Personal information
- Full name: Richard Turner
- Born: 19 August 1932
- Died: 16 June 2008 (aged 75)

Playing information
Club
| Years | Team | Pld | T | G | FG | P |
|  | Brisbane Norths | 0 | 0 | 0 | 0 | 0 |
|  | Redcliffe Dolphins | 0 | 0 | 0 | 0 | 0 |
|  | Total | 0 | 0 | 0 | 0 | 0 |

Coaching information
Club
| Years | Team | Gms | W | D | L | W% |
| 1968–69 | Redcliffe Dolphins | 42 | 17 | 1 | 24 | 40 |
- As of 24 Sep 2021

= Dick Turner =

Australian rugby league footballer, coach & administrator

Richard Turner (19 August 1932 – 16 June 2008), a.k.a. "Tosser", was a rugby league manager.

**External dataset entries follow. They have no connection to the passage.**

(* Let $G=(V,E,w)$ be a connected undirected graph with positive integer edge weights, Laplacian $\mathcal L=B^TWB$ ($W=\mathrm{diag}(w)$) and Moore–Penrose pseudoinverse $\mathcal L^+$. Let $U\subseteq V$ be such that the induced subgraph $G(U)=(U,E(U))$ has at least one edge and conductance $\Phi(G(U))>0$. Then for every edge $(s,t)\in E$, letting $v=\mathcal L^+(\mathbb{1}_s-\mathbb{1}_t)$, $$\sum_{\{a,b\}\in E(U)}w_{ab}\,|v(a)-v(b)|\le\frac{8\ln\big(\mathrm{vol}(G(U))\big)}{\Phi(G(U))^2}.$$
   Context: $E(U)$ is the set of edges of $G$ with both endpoints in $U$. In $G(U)$, the degree of $a$ is $d(a)=\sum_{\{a,b\}\in E(U)}w_{ab}$, $\mathrm{vol}(S)=\sum_{a\in S}d(a)$, $\mathrm{vol}(G(U))=\mathrm{vol}(U)$, and the conductance is $\Phi(G(U))=\min_{\emptyset\ne S\subsetneq U}\frac{w(\partial_{G(U)}(S))}{\min\{\mathrm{vol}(S),\mathrm{vol}(U\setminus S)\}}$, where $\partial_{G(U)}(S)$ is the set of edges of $E(U)$ with exactly one endpoint in $S$ and $w(F)=\sum_{e\in F}w_e$. *)

theory Defs
  imports "HOL-Analysis.Analysis"
begin

text \<open>A weighted undirected graph on the finite vertex type 'a is given by a
symmetric weight function w :: 'a => 'a => nat with no loops; {a,b} is an edge
iff w a b > 0, and then w a b is its (positive integer) weight.\<close>

definition wgraph :: "('a \<Rightarrow> 'a \<Rightarrow> nat) \<Rightarrow> bool" where
  "wgraph w \<longleftrightarrow> (\<forall>a b. w a b = w b a) \<and> (\<forall>a. w a a = 0)"

definition edge_rel :: "('a \<Rightarrow> 'a \<Rightarrow> nat) \<Rightarrow> ('a \<times> 'a) set" where
  "edge_rel w = {(a, b). 0 < w a b}"

definition connected_graph :: "('a \<Rightarrow> 'a \<Rightarrow> nat) \<Rightarrow> bool" where
  "connected_graph w \<longleftrightarrow> (\<forall>a b. (a, b) \<in> (edge_rel w)\<^sup>*)"

definition laplacian :: "('a::finite \<Rightarrow> 'a \<Rightarrow> nat) \<Rightarrow> real^'a^'a" where
  "laplacian w = (\<chi> a b. if a = b then (\<Sum>c\<in>UNIV. real (w a c)) else - real (w a b))"

definition pinv :: "real^'n^'n \<Rightarrow> real^'n^'n" where
  "pinv A = (THE X. A ** X ** A = A \<and> X ** A ** X = X \<and>
                    transpose (A ** X) = A ** X \<and> transpose (X ** A) = X ** A)"

definition indic_vec :: "'a \<Rightarrow> real^'a" where
  "indic_vec s = (\<chi> i. if i = s then 1 else 0)"

definition has_edge_in :: "('a \<Rightarrow> 'a \<Rightarrow> nat) \<Rightarrow> 'a set \<Rightarrow> bool" where
  "has_edge_in w U \<longleftrightarrow> (\<exists>a\<in>U. \<exists>b\<in>U. 0 < w a b)"

definition degU :: "('a \<Rightarrow> 'a \<Rightarrow> nat) \<Rightarrow> 'a set \<Rightarrow> 'a \<Rightarrow> real" where
  "degU w U a = (\<Sum>b\<in>U. real (w a b))"

definition volU :: "('a \<Rightarrow> 'a \<Rightarrow> nat) \<Rightarrow> 'a set \<Rightarrow> 'a set \<Rightarrow> real" where
  "volU w U S = (\<Sum>a\<in>S. degU w U a)"

definition cutU :: "('a \<Rightarrow> 'a \<Rightarrow> nat) \<Rightarrow> 'a set \<Rightarrow> 'a set \<Rightarrow> real" where
  "cutU w U S = (\<Sum>a\<in>S. \<Sum>b\<in>U - S. real (w a b))"

definition conductance :: "('a \<Rightarrow> 'a \<Rightarrow> nat) \<Rightarrow> 'a set \<Rightarrow> real" where
  "conductance w U = Min ((\<lambda>S. cutU w U S / min (volU w U S) (volU w U (U - S)))
                          ` {S. S \<noteq> {} \<and> S \<subset> U})"

text \<open>Sum over the edges {a,b} of E(U) of w_ab * |v a - v b|; each unordered
edge appears twice in the double sum (w a a = 0 so loops contribute nothing).\<close>
definition edge_sumU :: "('a \<Rightarrow> 'a \<Rightarrow> nat) \<Rightarrow> 'a set \<Rightarrow> real^'a \<Rightarrow> real" where
  "edge_sumU w U v = (\<Sum>a\<in>U. \<Sum>b\<in>U. real (w a b) * \<bar>v $ a - v $ b\<bar>) / 2"

end

theory Submission
  imports Defs
begin

text \<open>The vector \<open>v = L\<^sup>+ (\<one>\<^sub>s - \<one>\<^sub>t)\<close> is the potential of a unit electrical flow
  from s to t, so at most one unit of flow crosses any threshold cut \<open>{x. v x > \<theta>}\<close>.
  Fix a threshold \<open>\<theta>\<^sub>0\<close> halving vol(U) and let \<open>g \<theta>\<close> be the volume of
  \<open>{x \<in> U. v x > \<theta>}\<close>. Raising the threshold by l clears the cut of this set, except for
  edges of total weight at most 1/l; as the cut is at least \<open>\<Phi> g\<close>, the choice
  \<open>l = 2 / cut\<close> multiplies g by \<open>1 - \<Phi>/2\<close>, while the part of the edge sum between
  the two thresholds is at most \<open>l g \<le> 2/\<Phi>\<close>. After \<open>O(ln vol(U) / \<Phi>)\<close> steps g
  vanishes, so the edge sum above \<open>\<theta>\<^sub>0\<close> is at most \<open>4 ln vol(U) / \<Phi>\<^sup>2\<close>; below
  \<open>\<theta>\<^sub>0\<close> the same argument applies to -v.\<close>

section \<open>Electrical flows\<close>

definition net_flow :: "('a::finite \<Rightarrow> 'a \<Rightarrow> nat) \<Rightarrow> ('a \<Rightarrow> real) \<Rightarrow> 'a \<Rightarrow> real" where
  "net_flow w p a = (\<Sum>c\<in>UNIV. real (w a c) * (p a - p c))"

lemma laplacian_mult_vec:
  assumes "wgraph w"
  shows "(laplacian w *v v) $ a = net_flow w (($) v) a"
proof -
  have "(laplacian w *v v) $ a
      = (\<Sum>c\<in>UNIV. (if a = c then (\<Sum>d\<in>UNIV. real (w a d)) * v$c else 0) - real (w a c) * v$c)"
    using assms by (auto simp: laplacian_def matrix_vector_mult_def wgraph_def intro!: sum.cong)
  also have "\<dots> = net_flow w (($) v) a"
    by (simp add: net_flow_def sum_subtractf sum_distrib_right right_diff_distrib)
  finally show ?thesis .
qed

lemma net_flow_uminus: "net_flow w (\<lambda>x. - p x) a = - net_flow w p a"
  by (simp add: net_flow_def sum_negf[symmetric] algebra_simps)

lemma sum_net_flow_eq_0:
  assumes "wgraph w"
  shows "(\<Sum>a\<in>UNIV. net_flow w p a) = 0"
proof -
  have "(\<Sum>a\<in>UNIV. \<Sum>c\<in>UNIV. real (w a c) * p c) = (\<Sum>a\<in>UNIV. \<Sum>c\<in>UNIV. real (w a c) * p a)"
    using assms by (subst sum.swap) (simp add: wgraph_def)
  then show ?thesis
    by (simp add: net_flow_def right_diff_distrib sum_subtractf)
qed

lemma net_flow_out_of_set:
  assumes "wgraph w"
  shows "(\<Sum>a\<in>S. \<Sum>c\<in>-S. real (w a c) * (p a - p c)) = (\<Sum>a\<in>S. net_flow w p a)"
proof -
  define inner where "inner = (\<Sum>a\<in>S. \<Sum>c\<in>S. real (w a c) * (p a - p c))"
  have "inner = (\<Sum>c\<in>S. \<Sum>a\<in>S. real (w a c) * (p a - p c))"
    unfolding inner_def by (rule sum.swap)
  also have "\<dots> = - inner"
    unfolding inner_def sum_negf[symmetric]
    using assms by (intro sum.cong refl) (simp add: wgraph_def algebra_simps)
  finally have "inner = 0" by simp
  have "net_flow w p a = (\<Sum>c\<in>-S. real (w a c) * (p a - p c)) + (\<Sum>c\<in>S. real (w a c) * (p a - p c))"
    for a
    using sum.subset_diff[of S UNIV] by (simp add: net_flow_def Compl_eq_Diff_UNIV)
  then show ?thesis
    using \<open>inner = 0\<close> by (simp add: inner_def sum.distrib)
qed

lemma connected_harmonic_const:
  assumes "wgraph w" "connected_graph w" "\<And>a. net_flow w p a = 0"
  shows "p a = p b"
proof -
  have "Max (range p) \<in> range p"
    by (rule Max_in) auto
  then obtain m where "p m = Max (range p)"
    by (metis rangeE)
  then have m: "p y \<le> p m" for y
    by simp
  have "p c = p m" if "(m, c) \<in> (edge_rel w)\<^sup>*" for c
    using that
  proof (induction rule: rtrancl_induct)
    case (step b c)
    text \<open>A maximum is only attained at a vertex whose neighbours all share the maximal value.\<close>
    have "\<forall>d\<in>UNIV. 0 \<le> real (w b d) * (p b - p d)"
      using m step.IH by simp
    then have "real (w b c) * (p b - p c) = 0"
      using assms(3)[of b] sum_nonneg_eq_0_iff[of UNIV "\<lambda>d. real (w b d) * (p b - p d)"]
      by (simp add: net_flow_def)
    then show ?case
      using step by (simp add: edge_rel_def)
  qed simp
  then show ?thesis
    using assms(2) unfolding connected_graph_def by metis
qed

section \<open>The pseudoinverse of the Laplacian\<close>

lemma matrix_add_rdistrib: "(A + B) ** C = A ** C + B ** (C :: 'a::semiring_1^_^_)"
  by (vector matrix_matrix_mult_def sum.distrib[symmetric] field_simps)

lemma matrix_diff_ldistrib: "A ** (B - C) = A ** B - A ** (C :: 'a::ring_1^_^_)"
  by (vector matrix_matrix_mult_def sum_subtractf[symmetric] field_simps)

lemma matrix_diff_rdistrib: "(A - B) ** C = A ** C - B ** (C :: 'a::ring_1^_^_)"
  by (vector matrix_matrix_mult_def sum_subtractf[symmetric] field_simps)

lemma penrose_unique:
  fixes A X Y :: "real^'n^'n"
  assumes "A ** X ** A = A" "X ** A ** X = X" "transpose (A ** X) = A ** X" "transpose (X ** A) = X ** A"
      and "A ** Y ** A = A" "Y ** A ** Y = Y" "transpose (A ** Y) = A ** Y" "transpose (Y ** A) = Y ** A"
  shows "X = Y"
proof -
  have "X = X ** transpose (A ** X)"
    using assms(2,3) by (simp add: matrix_mul_assoc)
  also have "\<dots> = X ** transpose X ** transpose (A ** Y ** A)"
    using assms(5) by (simp add: matrix_transpose_mul matrix_mul_assoc)
  also have "\<dots> = X ** transpose (A ** X) ** transpose (A ** Y)"
    by (simp add: matrix_transpose_mul matrix_mul_assoc)
  also have "\<dots> = X ** (A ** X) ** (A ** Y)"
    using assms(3,7) by simp
  also have "\<dots> = X ** A ** Y"
    using assms(2) by (simp add: matrix_mul_assoc)
  finally have XAY: "X = X ** A ** Y" .
  have "Y = transpose (Y ** A) ** Y"
    using assms(6,8) by (simp add: matrix_mul_assoc)
  also have "\<dots> = transpose (A ** X ** A) ** transpose Y ** Y"
    using assms(1) by (simp add: matrix_transpose_mul)
  also have "\<dots> = transpose (X ** A) ** transpose (Y ** A) ** Y"
    by (simp add: matrix_transpose_mul matrix_mul_assoc)
  also have "\<dots> = (X ** A) ** (Y ** A) ** Y"
    using assms(4,8) by simp
  also have "\<dots> = X ** A ** Y"
    using assms(6) by (metis matrix_mul_assoc)
  finally show ?thesis
    using XAY by simp
qed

Turner was born in 1932 and played in the Brisbane Rugby League competition for Brisbane Norths and Redcliffe. He also coached Redcliffe in 1968 and 1969.

Turner was the Queensland state rugby league team's manager from 1982 until 1996, when he stepped down to take a role in the "Former Origin Greats" (FOGS) organisation. He was also the Australian team manager on the 1986 Kangaroo Tour of Great Britain.

He was also chairman of the South Queensland Crushers club during its entire existence from 1995 to 1997.

In 2008, during his battle with illness he wrote a letter for the Queensland rugby league team which has been read to them for inspiration in subsequent State of Origin series.

He died as chairman of FOGS on 16 June 2008 because of long-term illness. That year he won the "Service to Sport Award" at the Queensland Sport Awards.

Actor Michael Caton inherited Turner's cultural ambassador role with the Queensland rugby league team.

During the 2009 State of Origin series, he was honoured outside Lang Park with a plaque.